What is a Structured Settlement Annuity?What risk and Benefits involved?
Structured Settlement is a financial arrangement that allows court-awarded compensation to be paid in regular installments rather than in one lump sum. These payments provide money for a fixed period or lifetime and are usually paid via an annuity. An annuity is a contract between you and an insurance company in which you make a lump sum payment or series of payments and in return obtain regular disbursements beginning either immediately or at some point in the future.
The benefits are continued payments over a specific period of time. Backed by top rated insurance companies. Plus the payments are tax-free for personal injury cases.

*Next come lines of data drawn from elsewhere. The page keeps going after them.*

(* Let $\mathbf k$ be a commutative domain of characteristic zero and let $\omega=xy-(\phi(x)+y\psi(x))$ with $\phi,\psi\in\mathbf k[x]$ both nonzero. Then there exists a commutative Rota-Baxter algebra $(R,P)$ of weight $0$ such that the $\omega$-cover $\widetilde P$ of $P$ on $R^{\mathbb N}$ (weight-$0$ Hurwitz product) is not a Rota-Baxter operator of weight $0$.
   Context: A Rota-Baxter operator of weight $0$ on an algebra $A$ is a $\mathbf{k}$-linear $P$ with $P(x)P(y)=P(P(x)y)+P(xP(y))$. $R^{\mathbb N}$ is the set of sequences $(f_n)_{n\in\mathbb N}$ in $R$ with product $(fg)_n=\sum_{j=0}^n\binom{n}{j}f_{n-j}g_j$, and $(\partial_R f)_n=f_{n+1}$. For $\phi=\sum_{i=0}^r a_ix^i$, $\psi=\sum_{j=0}^s b_jx^j$, the $\omega$-cover $\widetilde P$ of $P$ is the unique linear operator on $R^{\mathbb N}$ with $\widetilde P_0(f)=P(f_0)$ and $\widetilde P_n(f)=\sum_{i=0}^r a_if_{n-1+i}+\sum_{j=0}^s b_j\widetilde P_{n-1}(\partial_R^jf)$ for $n\ge1$, where $\widetilde P_n(f):=\widetilde P(f)_n$. *)

theory Defs
  imports "HOL-Computational_Algebra.Polynomial"
begin

record ('k, 'a) kalg =
  kcarrier :: "'a set"
  kzero :: 'a
  kone :: 'a
  kplus :: "'a \<Rightarrow> 'a \<Rightarrow> 'a"
  ktimes :: "'a \<Rightarrow> 'a \<Rightarrow> 'a"
  ksmult :: "'k \<Rightarrow> 'a \<Rightarrow> 'a"

definition comm_kalg :: "('k::comm_ring_1, 'a) kalg \<Rightarrow> bool" where
  "comm_kalg A \<longleftrightarrow>
     kzero A \<in> kcarrier A \<and> kone A \<in> kcarrier A \<and>
     (\<forall>x\<in>kcarrier A. \<forall>y\<in>kcarrier A. kplus A x y \<in> kcarrier A \<and> ktimes A x y \<in> kcarrier A) \<and>
     (\<forall>c x. x \<in> kcarrier A \<longrightarrow> ksmult A c x \<in> kcarrier A) \<and>
     (\<forall>x\<in>kcarrier A. \<forall>y\<in>kcarrier A. \<forall>z\<in>kcarrier A.
        kplus A (kplus A x y) z = kplus A x (kplus A y z) \<and>
        ktimes A (ktimes A x y) z = ktimes A x (ktimes A y z) \<and>
        ktimes A x (kplus A y z) = kplus A (ktimes A x y) (ktimes A x z)) \<and>
     (\<forall>x\<in>kcarrier A. \<forall>y\<in>kcarrier A.
        kplus A x y = kplus A y x \<and> ktimes A x y = ktimes A y x) \<and>
     (\<forall>x\<in>kcarrier A. kplus A (kzero A) x = x \<and> ktimes A (kone A) x = x \<and>
        (\<exists>y\<in>kcarrier A. kplus A x y = kzero A)) \<and>
     (\<forall>c d. \<forall>x\<in>kcarrier A. \<forall>y\<in>kcarrier A.
        ksmult A c (kplus A x y) = kplus A (ksmult A c x) (ksmult A c y) \<and>
        ksmult A (c + d) x = kplus A (ksmult A c x) (ksmult A d x) \<and>
        ksmult A (c * d) x = ksmult A c (ksmult A d x) \<and>
        ksmult A 1 x = x \<and>
        ksmult A c (ktimes A x y) = ktimes A (ksmult A c x) y)"

definition rota_baxter0 :: "('k, 'a) kalg \<Rightarrow> ('a \<Rightarrow> 'a) \<Rightarrow> bool" where
  "rota_baxter0 A P \<longleftrightarrow>
     (\<forall>x\<in>kcarrier A. P x \<in> kcarrier A) \<and>
     (\<forall>x\<in>kcarrier A. \<forall>y\<in>kcarrier A. P (kplus A x y) = kplus A (P x) (P y)) \<and>
     (\<forall>c. \<forall>x\<in>kcarrier A. P (ksmult A c x) = ksmult A c (P x)) \<and>
     (\<forall>x\<in>kcarrier A. \<forall>y\<in>kcarrier A.
        ktimes A (P x) (P y) = kplus A (P (ktimes A (P x) y)) (P (ktimes A x (P y))))"

primrec asum :: "('k, 'a) kalg \<Rightarrow> (nat \<Rightarrow> 'a) \<Rightarrow> nat \<Rightarrow> 'a" where
  "asum A g 0 = kzero A"
| "asum A g (Suc n) = kplus A (asum A g n) (g n)"

definition hurwitz :: "('k::comm_ring_1, 'a) kalg \<Rightarrow> ('k, nat \<Rightarrow> 'a) kalg" where
  "hurwitz A = \<lparr> kcarrier = {f. \<forall>n. f n \<in> kcarrier A},
     kzero = (\<lambda>n. kzero A),
     kone = (\<lambda>n. if n = 0 then kone A else kzero A),
     kplus = (\<lambda>f g n. kplus A (f n) (g n)),
     ktimes = (\<lambda>f g n. asum A (\<lambda>j. ksmult A (of_nat (n choose j)) (ktimes A (f (n - j)) (g j))) (Suc n)),
     ksmult = (\<lambda>c f n. ksmult A c (f n)) \<rparr>"

fun cover_n :: "('k::comm_ring_1, 'a) kalg \<Rightarrow> 'k poly \<Rightarrow> 'k poly \<Rightarrow> ('a \<Rightarrow> 'a) \<Rightarrow> nat \<Rightarrow> (nat \<Rightarrow> 'a) \<Rightarrow> 'a" where
  "cover_n A phi psi P 0 f = P (f 0)"
| "cover_n A phi psi P (Suc n) f =
     kplus A (asum A (\<lambda>i. ksmult A (coeff phi i) (f (n + i))) (Suc (degree phi)))
             (asum A (\<lambda>j. ksmult A (coeff psi j) (cover_n A phi psi P n (\<lambda>m. f (m + j)))) (Suc (degree psi)))"

definition omega_cover :: "('k::comm_ring_1, 'a) kalg \<Rightarrow> 'k poly \<Rightarrow> 'k poly \<Rightarrow> ('a \<Rightarrow> 'a) \<Rightarrow> (nat \<Rightarrow> 'a) \<Rightarrow> (nat \<Rightarrow> 'a)" where
  "omega_cover A phi psi P f = (\<lambda>n. cover_n A phi psi P n f)"

end

theory Submission
  imports Defs
begin

text \<open>
  If \<open>\<psi> = x + b\<close>, take \<open>R = \<^bold>k\<^sup>\<nat>\<close> with pointwise operations and \<open>P = 0\<close>.
  For the sequence \<open>f\<close> concentrated in degree \<open>r = deg \<phi>\<close>, the cover \<open>X\<close> of \<open>f\<close>
  has \<open>X\<^sub>0 = 0\<close> and \<open>X\<^sub>1 = a\<close>, the leading coefficient of \<open>\<phi>\<close>, and the Rota-Baxter identity in degree 2 reads \<open>2a\<^sup>2 = 4(r+1)a\<^sup>2\<close>,
  impossible in characteristic zero.

  Otherwise take \<open>R = \<^bold>k[t]/(t\<^sup>3)\<close> in divided powers with \<open>P\<close> the integral. On sequences
  \<open>(l\<^sup>k)\<^sub>k\<close> of constants the cover is explicit, and for the pair \<open>l, u\<close> the Rota-Baxter
  identity in degree 1, coefficient of \<open>t\<^sup>2/2\<close>, reads
  \<open>2\<psi>(l) + 2\<psi>(u) = \<psi>(u + \<psi>(l)) + \<psi>(l + \<psi>(u))\<close>. For \<open>u = 0\<close> and all \<open>l\<close> this
  polynomial identity forces \<open>\<psi>\<close> to be monic linear: compare degrees, then coefficients.
\<close>

lemma rota_baxter0_mult:
  assumes "rota_baxter0 A P" "x \<in> kcarrier A" "y \<in> kcarrier A"
  shows "ktimes A (P x) (P y) = kplus A (P (ktimes A (P x) y)) (P (ktimes A x (P y)))"
  using assms unfolding rota_baxter0_def by blast

lemma kplus_hurwitz: "kplus (hurwitz A) f g n = kplus A (f n) (g n)"
  by (simp add: hurwitz_def)

definition coordinatewise_kalg :: "('k::comm_ring_1, nat \<Rightarrow> 'k) kalg \<Rightarrow> bool" where
  "coordinatewise_kalg A \<longleftrightarrow>
     kzero A = (\<lambda>m. 0) \<and> kplus A = (\<lambda>x y m. x m + y m) \<and> ksmult A = (\<lambda>c x m. c * x m)"

lemma asum_coordinatewise:
  assumes "coordinatewise_kalg A"
  shows "asum A g n m = (\<Sum>i<n. g i m)"
  using assms by (induction n) (simp_all add: coordinatewise_kalg_def)

lemma hurwitz_times_coordinatewise:
  assumes "coordinatewise_kalg A"
  shows "ktimes (hurwitz A) f g n m = (\<Sum>j\<le>n. of_nat (n choose j) * ktimes A (f (n - j)) (g j) m)"
  using assms
  by (simp add: hurwitz_def asum_coordinatewise lessThan_Suc_atMost coordinatewise_kalg_def
      del: asum.simps)

lemma hurwitz_times_commute:
  assumes "coordinatewise_kalg A" and "\<And>x y. ktimes A x y = ktimes A y x"
  shows "ktimes (hurwitz A) f g = ktimes (hurwitz A) g f"
proof (intro ext)
  fix n m
  show "ktimes (hurwitz A) f g n m = ktimes (hurwitz A) g f n m"
    unfolding hurwitz_times_coordinatewise[OF assms(1)] atMost_atLeast0
    by (subst sum.atLeastAtMost_rev) (auto intro!: sum.cong simp: binomial_symmetric[symmetric] assms(2))
qed

lemma cover_n_Suc_coordinatewise:
  assumes "coordinatewise_kalg A"
  shows "cover_n A phi psi P (Suc n) f m =
     (\<Sum>i\<le>degree phi. coeff phi i * f (n + i) m) +
     (\<Sum>j\<le>degree psi. coeff psi j * cover_n A phi psi P n (\<lambda>k. f (k + j)) m)"
  using assms
  by (simp add: asum_coordinatewise lessThan_Suc_atMost coordinatewise_kalg_def del: asum.simps)

definition pointwise_alg :: "('k::comm_ring_1, nat \<Rightarrow> 'k) kalg" where
  "pointwise_alg = \<lparr>kcarrier = UNIV, kzero = (\<lambda>n. 0), kone = (\<lambda>n. 1),
     kplus = (\<lambda>x y n. x n + y n), ktimes = (\<lambda>x y n. x n * y n),
     ksmult = (\<lambda>c x n. c * x n)\<rparr>"

lemma pointwise_alg_simps [simp]:
  "kcarrier pointwise_alg = UNIV" "kzero pointwise_alg = (\<lambda>n. 0)" "kone pointwise_alg = (\<lambda>n. 1)"
  "kplus pointwise_alg = (\<lambda>x y n. x n + y n)" "ktimes pointwise_alg = (\<lambda>x y n. x n * y n)"
  "ksmult pointwise_alg = (\<lambda>c x n. c * x n)"
  by (simp_all add: pointwise_alg_def)

lemma coordinatewise_pointwise_alg: "coordinatewise_kalg pointwise_alg"
  by (simp add: coordinatewise_kalg_def)

lemma comm_kalg_pointwise_alg: "comm_kalg pointwise_alg"
  unfolding comm_kalg_def by (auto simp: fun_eq_iff algebra_simps intro: exI[of _ "\<lambda>n. - _ n"])

lemma rota_baxter0_pointwise_alg_zero: "rota_baxter0 pointwise_alg (\<lambda>x n. 0)"
  unfolding rota_baxter0_def by (simp add: fun_eq_iff)

lemma not_rota_baxter0_omega_cover_zero:
  fixes phi psi :: "'k::{idom, ring_char_0} poly"
  assumes "phi \<noteq> 0" and "degree psi = 1" and "coeff psi 1 = 1"
  shows "\<not> rota_baxter0 (hurwitz pointwise_alg) (omega_cover pointwise_alg phi psi (\<lambda>x n. 0))"
proof
  let ?cover = "omega_cover pointwise_alg phi psi (\<lambda>x n. 0)"
  let ?mult = "ktimes (hurwitz pointwise_alg)"
  note cover_Suc = cover_n_Suc_coordinatewise[OF coordinatewise_pointwise_alg]
  note mult_eq = hurwitz_times_coordinatewise[OF coordinatewise_pointwise_alg]
  assume rb: "rota_baxter0 (hurwitz pointwise_alg) ?cover"
  define r a where "r = degree phi" and "a = lead_coeff phi"
  define F :: "nat \<Rightarrow> nat \<Rightarrow> 'k" where "F = (\<lambda>k m. if k = r then 1 else 0)"
  define X where "X = ?cover F"
  define H where "H = ?mult X F"
  have X0: "X 0 m = 0" for m
    by (simp add: X_def omega_cover_def)
  have X1: "X 1 m = a" for m
  proof -
    have "X 1 m = (\<Sum>i\<le>r. coeff phi i * F i m)"
      unfolding X_def omega_cover_def One_nat_def cover_Suc by (simp add: r_def)
    then show ?thesis by (simp add: F_def a_def r_def if_distrib cong: if_cong)
  qed
  have H_low: "H k m = 0" if "k \<le> r" for k m
    using that by (auto simp: H_def mult_eq F_def X0 intro!: sum.neutral)
  have H_top: "H (Suc r) m = of_nat (Suc r) * a" for m
  proof -
    have "H (Suc r) m = of_nat (Suc r choose r) * X 1 m"
      by (simp add: H_def mult_eq F_def if_distrib sum.delta cong: if_cong)
    then show ?thesis using X1[of m] by simp
  qed
  have "?mult X X 2 0 = 2 * a * a"
    by (simp add: mult_eq numeral_eq_Suc atMost_Suc X0 X1[unfolded One_nat_def])
  also have "?mult X X = kplus (hurwitz pointwise_alg) (?cover H) (?cover H)"
    using rota_baxter0_mult[OF rb, of F F] hurwitz_times_commute[OF coordinatewise_pointwise_alg, of F X]
    by (simp add: hurwitz_def X_def H_def mult.commute)
  also have "\<dots> 2 0 = 4 * of_nat (Suc r) * a * a"
  proof -
    have "(\<Sum>i\<le>r. coeff phi i * H (Suc i) 0) = (\<Sum>i\<le>r. if i = r then a * H (Suc r) 0 else 0)"
      by (rule sum.cong) (auto simp: H_low a_def r_def)
    then have shifted: "(\<Sum>i\<le>r. coeff phi i * H (Suc i) 0) = of_nat (Suc r) * a * a"
      by (simp add: H_top)
    have unshifted: "(\<Sum>i\<le>r. coeff phi i * H i 0) = 0"
      by (simp add: H_low)
    have "?cover H 2 0 = 2 * of_nat (Suc r) * a * a"
      unfolding omega_cover_def numeral_2_eq_2 cover_Suc
      by (simp add: assms(2) assms(3)[unfolded One_nat_def] atMost_Suc r_def[symmetric]
          shifted unshifted del: cover_n.simps(2))
    then show ?thesis by (simp add: kplus_hurwitz)
  qed
  finally have "(of_nat (4 * r + 2) :: 'k) * (a * a) = 0"
    by (simp add: algebra_simps)
  moreover have "a \<noteq> 0" using assms(1) by (simp add: a_def)
  ultimately show False by (simp only: mult_eq_0_iff of_nat_eq_0_iff) simp
qed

The people who typically receive structured settlements are
People with disabilities
Guardianship cases involving minors or mentally incompetent individuals
Wrongful death cases where monthly or annual income is needed
Severe injury cases where long-term needs for medical care, living expenses and family support are required
These are financial platforms that include periodic payments to a claimant after a personal injury claim is found out of court against a responsible party. In lieu of a lump sum awarded for damages, the claimant and the issuing party agree to a structured payment schedule over time. Because of this, structured settlements can appear to be quite large in compensation numbers. When in negotiations, a responsible the claimant will have an attorney working for them who is an expert in the field. The structured settlement proceeds when an annuity is purchased through a life insurance company. This annuity will most likely pay out on a monthly, semi-annual, or basis during the lifetime of the claimant.
These structured payments are in most cases, if set up properly by a settlement lawyer, tax free income in the eyes of the IRS, and offer a great source of guaranteed, fixed income for the receiving claimant. It should be noted, however, that investment accruals gained from settlement funds are considered taxable income. Because they are back securities, structured settlements can adjust over time to become something the claimant can draw from, or even cash out completely of if need be. If left alone, however the payments will always be there.
As with any financial element, there are risks involved with structured settlement annuities. These, however, are miniscule in comparison with the volatility of the stock market. There are no fluctuations concerning payments, but the health and stability of the payment is reliant on the health and stability of the issuing party. These institutions are often insurance companies, and can maintain a reliable and long term sense of stability. However, they are not insoluble, as was the case with AIG when they went belly-up a few years ago. Thousands of policy holders and structured settlement recipients were left holding empty bags as their assets were swallowed up with the insurance giant’s demise.